What the task requires> Only the lines from the one containing "(fact r)) \<in>" through the one containing "(last_endpoints X) = card" should be printed, exactly as they appear below, with both ends included.

Data extract>
(* Let $\mathbf{r},\mathbf{s}$ be two duplicate-free TP relations. The number of lineage-aware temporal windows produced by the window advancer, i.e., $|\mathbf{W}(\mathbf{r},\mathbf{s})|$, is at most $n_r+n_s-f_d$, where $n_r$ and $n_s$ are the numbers of interval start and end points in $\mathbf{r}$ and $\mathbf{s}$ respectively, and $f_d$ is the number of distinct facts occurring in $\mathbf{r}$ and $\mathbf{s}$.
   Context: A TP relation $\mathbf{r}$ is a finite set of tuples $r$ with fact $r.F$ (a tuple of ordinary attribute values), lineage $r.\lambda$ (for a base tuple, its own identifier), time interval $r.T=[T_s,T_e)$ over a finite ordered domain of time points, and probability $r.p\in(0,1]$; each tuple contributes one start point $T_s$ and one end point $T_e$. $\mathbf{r}$ is duplicate-free iff any two distinct tuples with the same fact have disjoint intervals. $\lambda^{\mathbf{r},f}_t$ is $r.\lambda$ if some $r\in\mathbf{r}$ has $r.F=f$ and $t\in r.T$, and $\mathtt{null}$ otherwise. The set $\mathbf{W}(\mathbf{r},\mathbf{s})$ of lineage-aware windows (which the window-advancer algorithm enumerates) consists of tuples $\tilde w=(F,T,\lambda_r,\lambda_s)$, $T$ an interval, $\lambda_r,\lambda_s$ lineage expressions or $\mathtt{null}$, such that for all $t\in\tilde w.T$: ($\lambda^{\mathbf{r},\tilde w.F}_t\neq\mathtt{null}$ or $\lambda^{\mathbf{s},\tilde w.F}_t\neq\mathtt{null}$) and $\tilde w.\lambda_r=\lambda^{\mathbf{r},\tilde w.F}_t$ and $\tilde w.\lambda_s=\lambda^{\mathbf{s},\tilde w.F}_t$; and for all $t'\notin\tilde w.T$: $\tilde w.\lambda_r\neq\lambda^{\mathbf{r},\tilde w.F}_{t'}$ or $\tilde w.\lambda_s\neq\lambda^{\mathbf{s},\tilde w.F}_{t'}$. *)

theory Defs
  imports Complex_Main
begin

text \<open>A TP tuple: fact F, lineage (base-tuple identifier), interval [Ts, Te), probability p.\<close>
datatype ('f, 'l, 't) tp_tuple =
  TPT (fact: 'f) (lin: 'l) (ts: 't) (te: 't) (prob: real)

definition ivl :: "('f, 'l, 't::linorder) tp_tuple \<Rightarrow> 't set" where
  "ivl r = {ts r..<te r}"

text \<open>A TP relation: finite set of tuples with nonempty intervals, probability in (0,1],
  and lineage = the tuple's own identifier (hence distinct tuples have distinct lineage).\<close>
definition tp_relation :: "('f, 'l, 't::linorder) tp_tuple set \<Rightarrow> bool" where
  "tp_relation R \<longleftrightarrow> finite R \<and>
     (\<forall>r\<in>R. ts r < te r \<and> 0 < prob r \<and> prob r \<le> 1) \<and> inj_on lin R"

definition duplicate_free :: "('f, 'l, 't::linorder) tp_tuple set \<Rightarrow> bool" where
  "duplicate_free R \<longleftrightarrow>
     (\<forall>r1\<in>R. \<forall>r2\<in>R. r1 \<noteq> r2 \<and> fact r1 = fact r2 \<longrightarrow> ivl r1 \<inter> ivl r2 = {})"

text \<open>lineage_at R f t is the lineage lambda^{R,f}_t; None encodes null.\<close>
definition lineage_at :: "('f, 'l, 't::linorder) tp_tuple set \<Rightarrow> 'f \<Rightarrow> 't \<Rightarrow> 'l option" where
  "lineage_at R f t =
     (if \<exists>r\<in>R. fact r = f \<and> t \<in> ivl r
      then Some (lin (SOME r. r \<in> R \<and> fact r = f \<and> t \<in> ivl r))
      else None)"

definition windows ::
  "('f, 'l, 't::linorder) tp_tuple set \<Rightarrow> ('f, 'l, 't) tp_tuple set
     \<Rightarrow> ('f \<times> 't set \<times> 'l option \<times> 'l option) set" where
  "windows R S = {(F, T, lr, ls).
     (\<exists>a b. a < b \<and> T = {a..<b}) \<and>
     (\<forall>t\<in>T. (lineage_at R F t \<noteq> None \<or> lineage_at S F t \<noteq> None) \<and>
              lr = lineage_at R F t \<and> ls = lineage_at S F t) \<and>
     (\<forall>t'. t' \<notin> T \<longrightarrow> lr \<noteq> lineage_at R F t' \<or> ls \<noteq> lineage_at S F t')}"

text \<open>Number of interval start and end points (each tuple contributes one of each).\<close>
definition num_points :: "('f, 'l, 't) tp_tuple set \<Rightarrow> nat" where
  "num_points R = 2 * card R"

definition num_distinct_facts :: "('f, 'l, 't) tp_tuple set \<Rightarrow> ('f, 'l, 't) tp_tuple set \<Rightarrow> nat" where
  "num_distinct_facts R S = card (fact ` R \<union> fact ` S)"

end

theory Submission
  imports Defs
begin

text \<open>
  For a fixed fact, the pair of lineages can only change at an interval endpoint of a tuple
  with that fact. A window is a maximal interval on which this pair is constant, so it starts
  at such an endpoint, and it is determined by its fact and its start point. The start point is
  covered by some tuple, hence it is not the last endpoint of its fact. Thus the windows inject
  into the pairs (fact, endpoint) with the last endpoint of every fact removed, a set of size at
  most \<open>2 |R| + 2 |S| - f\<^sub>d\<close>.
\<close>

definition endpoints :: "('f, 'l, 't) tp_tuple set \<Rightarrow> 'f \<Rightarrow> 't set" where
  "endpoints X F = ts ` {r \<in> X. fact r = F} \<union> te ` {r \<in> X. fact r = F}"

definition fact_endpoints :: "('f, 'l, 't) tp_tuple set \<Rightarrow> ('f \<times> 't) set" where
  "fact_endpoints X = (\<lambda>r. (fact r, ts r)) ` X \<union> (\<lambda>r. (fact r, te r)) ` X"

definition last_endpoints :: "('f, 'l, 't::linorder) tp_tuple set \<Rightarrow> ('f \<times> 't) set" where
  "last_endpoints X = (\<lambda>F. (F, Max (endpoints X F))) ` fact ` X"

definition window_key :: "'f \<times> 't::linorder set \<times> 'l option \<times> 'l option \<Rightarrow> 'f \<times> 't" where
  "window_key = (\<lambda>(F, T, _, _). (F, LEAST t. t \<in> T))"

lemma finite_endpoints: "finite X \<Longrightarrow> finite (endpoints X F)"
  unfolding endpoints_def by simp

lemma endpoints_mono: "X \<subseteq> Y \<Longrightarrow> endpoints X F \<subseteq> endpoints Y F"
  unfolding endpoints_def by auto

lemma mem_fact_endpoints_iff: "(F, e) \<in> fact_endpoints X \<longleftrightarrow> e \<in> endpoints X F"
  unfolding fact_endpoints_def endpoints_def by auto

lemma finite_fact_endpoints: "finite X \<Longrightarrow> finite (fact_endpoints X)"
  unfolding fact_endpoints_def by simp

lemma card_fact_endpoints_le:
  assumes "finite X"
  shows "card (fact_endpoints X) \<le> 2 * card X"
proof -
  have "card (fact_endpoints X)
      \<le> card ((\<lambda>r. (fact r, ts r)) ` X) + card ((\<lambda>r. (fact r, te r)) ` X)"
    unfolding fact_endpoints_def by (rule card_Un_le)
  also have "\<dots> \<le> card X + card X"
    using card_image_le[OF assms] by (intro add_mono)
  finally show ?thesis by simp
qed

lemma last_endpoints_subset:
  assumes "finite X"
  shows "last_endpoints X \<subseteq> fact_endpoints X"
proof
  fix x assume "x \<in> last_endpoints X"
  then obtain r where r: "r \<in> X" and x: "x = (fact r, Max (endpoints X (fact r)))"
    unfolding last_endpoints_def by auto
  have "ts r \<in> endpoints X (fact r)"
    using r unfolding endpoints_def by auto
  then have "Max (endpoints X (fact r)) \<in> endpoints X (fact r)"
    using finite_endpoints[OF assms] by (intro Max_in) auto
  then show "x \<in> fact_endpoints X"
    unfolding x mem_fact_endpoints_iff .
qed

lemma card_last_endpoints: "card (last_endpoints X) = card (fact ` X)"
  unfolding last_endpoints_def by (rule card_image) (auto intro: inj_onI)

lemma lineage_at_neq_None_iff:
  "lineage_at X F t \<noteq> None \<longleftrightarrow> (\<exists>r\<in>X. fact r = F \<and> t \<in> ivl r)"
  unfolding lineage_at_def by simp

lemma lineage_at_eq_if_no_endpoint_between:
  assumes "p \<le> t" and "\<forall>e\<in>endpoints X F. \<not> (p < e \<and> e \<le> t)"
  shows "lineage_at X F p = lineage_at X F t"
proof -
  have "p \<in> ivl r \<longleftrightarrow> t \<in> ivl r" if "r \<in> X" "fact r = F" for r
  proof -
    have "ts r \<in> endpoints X F" "te r \<in> endpoints X F"
      using that unfolding endpoints_def by auto
    then show ?thesis
      using assms unfolding ivl_def by (auto simp: not_less intro: order.trans)
  qed
  then have "(\<lambda>r. r \<in> X \<and> fact r = F \<and> p \<in> ivl r) = (\<lambda>r. r \<in> X \<and> fact r = F \<and> t \<in> ivl r)"
    by blast
  then show ?thesis
    unfolding lineage_at_def by (simp add: Bex_def) blast
qed

lemma windows_memE:
  assumes "w \<in> windows R S"
  obtains F a b lr ls where "w = (F, {a..<b}, lr, ls)"
  using assms unfolding windows_def by auto

lemma windows_memD:
  assumes "(F, {a..<b}, lr, ls) \<in> windows R S"
  shows "a < b"
    and "t \<in> {a..<b} \<Longrightarrow> lineage_at R F t \<noteq> None \<or> lineage_at S F t \<noteq> None"
    and "t \<in> {a..<b} \<Longrightarrow> lr = lineage_at R F t \<and> ls = lineage_at S F t"
    and "t \<notin> {a..<b} \<Longrightarrow> lr \<noteq> lineage_at R F t \<or> ls \<noteq> lineage_at S F t"
proof -
  from assms obtain a' b' where "a' < b'" "{a..<b} = {a'..<b'}"
    unfolding windows_def by auto
  then show "a < b"
    by (metis atLeastLessThan_empty_iff)
qed (use assms in \<open>auto simp: windows_def\<close>)

lemma window_interval_eq:
  assumes "(F, T, lr, ls) \<in> windows R S"
  shows "T = {t. lineage_at R F t = lr \<and> lineage_at S F t = ls}"
  using assms unfolding windows_def by auto

lemma window_start_covered:
  assumes "(F, {a..<b}, lr, ls) \<in> windows R S"
  shows "\<exists>r\<in>R \<union> S. fact r = F \<and> a \<in> ivl r"
proof -
  have "a \<in> {a..<b}"
    using windows_memD(1)[OF assms] by simp
  then have "lineage_at R F a \<noteq> None \<or> lineage_at S F a \<noteq> None"
    by (rule windows_memD(2)[OF assms])
  then show ?thesis
    unfolding lineage_at_neq_None_iff by blast
qed

lemma window_start_mem_endpoints:
  assumes "finite R" "finite S" and w: "(F, {a..<b}, lr, ls) \<in> windows R S"
  shows "a \<in> endpoints (R \<union> S) F"
proof (rule ccontr)
  assume a_not_endpoint: "a \<notin> endpoints (R \<union> S) F"
  define below where "below = {e \<in> endpoints (R \<union> S) F. e \<le> a}"
  define p where "p = Max below"
  obtain r where "r \<in> R \<union> S" "fact r = F" "a \<in> ivl r"
    using window_start_covered[OF w] by blast
  then have "ts r \<in> below"
    unfolding below_def endpoints_def ivl_def by auto
  moreover have "finite below"
    unfolding below_def using finite_endpoints[of "R \<union> S" F] assms(1,2) by simp
  ultimately have "p \<in> below" and max_below: "\<And>e. e \<in> below \<Longrightarrow> e \<le> p"
    unfolding p_def by (auto intro: Max_in)
  then have "p < a"
    using a_not_endpoint unfolding below_def by (auto simp: order.order_iff_strict)
  have no_endpoint: "\<forall>e\<in>endpoints X F. \<not> (p < e \<and> e \<le> a)" if "X \<subseteq> R \<union> S" for X
    using endpoints_mono[OF that] max_below unfolding below_def by fastforce
  have "lineage_at R F p = lineage_at R F a" "lineage_at S F p = lineage_at S F a"
    using \<open>p < a\<close> no_endpoint by (auto intro!: lineage_at_eq_if_no_endpoint_between)
  moreover have "a \<in> {a..<b}" "p \<notin> {a..<b}"
    using \<open>p < a\<close> windows_memD(1)[OF w] by auto
  ultimately show False
    using windows_memD(3)[OF w \<open>a \<in> {a..<b}\<close>] windows_memD(4)[OF w \<open>p \<notin> {a..<b}\<close>] by simp
qed

lemma window_key_eq: "a < b \<Longrightarrow> window_key (F, {a..<b}, lr, ls) = (F, a)"
  unfolding window_key_def by (auto intro: Least_equality)

lemma window_key_mem:
  assumes "finite R" "finite S" and w: "w \<in> windows R S"
  shows "window_key w \<in> fact_endpoints (R \<union> S) - last_endpoints (R \<union> S)"
proof -
  obtain F a b lr ls where w_eq: "w = (F, {a..<b}, lr, ls)"
    using w by (rule windows_memE)
  note w = w[unfolded w_eq]
  have "a \<in> endpoints (R \<union> S) F"
    using window_start_mem_endpoints[OF assms(1,2) w] .
  moreover have "(F, a) \<notin> last_endpoints (R \<union> S)"
  proof
    assume "(F, a) \<in> last_endpoints (R \<union> S)"
    then have a_max: "a = Max (endpoints (R \<union> S) F)"
      unfolding last_endpoints_def by auto
    obtain r where "r \<in> R \<union> S" "fact r = F" "a \<in> ivl r"
      using window_start_covered[OF w] by blast
    then have "te r \<in> endpoints (R \<union> S) F" "a < te r"
      unfolding endpoints_def ivl_def by auto
    then show False
      using a_max finite_endpoints[of "R \<union> S" F] assms(1,2) by (simp add: leD)
  qed
  ultimately show ?thesis
    unfolding w_eq window_key_eq[OF windows_memD(1)[OF w]] by (simp add: mem_fact_endpoints_iff)
qed

lemma inj_on_window_key: "inj_on window_key (windows R S)"
proof (rule inj_onI)
  fix w1 w2
  assume w1: "w1 \<in> windows R S" and w2: "w2 \<in> windows R S"
    and same_key: "window_key w1 = window_key w2"
  obtain F a b1 lr1 ls1 where w1_eq: "w1 = (F, {a..<b1}, lr1, ls1)"
    using w1 by (rule windows_memE)
  obtain F' a' b2 lr2 ls2 where w2_eq: "w2 = (F', {a'..<b2}, lr2, ls2)"
    using w2 by (rule windows_memE)
  note w1 = w1[unfolded w1_eq] and w2 = w2[unfolded w2_eq]
  have "F' = F" "a' = a"
    using same_key unfolding w1_eq w2_eq
    by (simp_all add: window_key_eq windows_memD(1)[OF w1] windows_memD(1)[OF w2])
  note w2 = w2[unfolded \<open>F' = F\<close> \<open>a' = a\<close>]
  have "a \<in> {a..<b1}" "a \<in> {a..<b2}"
    using windows_memD(1)[OF w1] windows_memD(1)[OF w2] by auto
  then have "lr1 = lr2" "ls1 = ls2"
    using windows_memD(3)[OF w1] windows_memD(3)[OF w2] by auto
  then have "{a..<b1} = {a..<b2}"
    using window_interval_eq[OF w1] window_interval_eq[OF w2] by simp
  then show "w1 = w2"
    unfolding w1_eq w2_eq \<open>F' = F\<close> \<open>a' = a\<close> \<open>lr1 = lr2\<close> \<open>ls1 = ls2\<close> by simp
qed

lemma card_windows_le:
  assumes "finite R" "finite S"
  shows "finite (windows R S) \<and>
    card (windows R S) \<le> card (fact_endpoints (R \<union> S)) - card (fact ` (R \<union> S))"
proof -
  let ?Q = "fact_endpoints (R \<union> S)" and ?M = "last_endpoints (R \<union> S)"
  have finite_Q: "finite ?Q"
    using finite_fact_endpoints[of "R \<union> S"] assms by simp
  have M_sub: "?M \<subseteq> ?Q"
    using last_endpoints_subset[of "R \<union> S"] assms by simp
  have image_sub: "window_key ` windows R S \<subseteq> ?Q - ?M"
    using window_key_mem assms by blast
  then have "finite (windows R S)"
    using finite_Q inj_on_window_key by (metis finite_Diff finite_imageD finite_subset)
  moreover have "card (windows R S) \<le> card (?Q - ?M)"
    using card_inj_on_le[OF inj_on_window_key image_sub] finite_Q by simp
  moreover have "card (?Q - ?M) = card ?Q - card (fact ` (R \<union> S))"
    using card_Diff_subset[OF finite_subset[OF M_sub finite_Q] M_sub]
    by (simp add: card_last_endpoints)
  ultimately show ?thesis by simp
qed

theorem proposition1:
  fixes R S :: "('f, 'l, 't::linorder) tp_tuple set"
  assumes "tp_relation R" and "tp_relation S"
    and "duplicate_free R" and "duplicate_free S"
  shows "finite (windows R S) \<and>
    int (card (windows R S)) \<le>
      int (num_points R) + int (num_points S) - int (num_distinct_facts R S)"
proof -
  have finite: "finite R" "finite S"
    using assms(1,2) unfolding tp_relation_def by auto
  then have "finite (R \<union> S)"
    by simp
  then have "card (fact ` (R \<union> S)) \<le> card (fact_endpoints (R \<union> S))"
    using card_mono[OF finite_fact_endpoints last_endpoints_subset] card_last_endpoints
    by metis
  moreover have "card (fact_endpoints (R \<union> S)) \<le> 2 * card R + 2 * card S"
    using card_fact_endpoints_le[of "R \<union> S"] card_Un_le[of R S] finite by simp
  ultimately show ?thesis
    using card_windows_le[OF finite]
    unfolding num_points_def num_distinct_facts_def image_Un by linarith
qed

end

Answer area>
  then have "Max (endpoints X (fact r)) \<in> endpoints X (fact r)"
    using finite_endpoints[OF assms] by (intro Max_in) auto
  then show "x \<in> fact_endpoints X"
    unfolding x mem_fact_endpoints_iff .
qed

lemma card_last_endpoints: "card (last_endpoints X) = card (fact ` X)"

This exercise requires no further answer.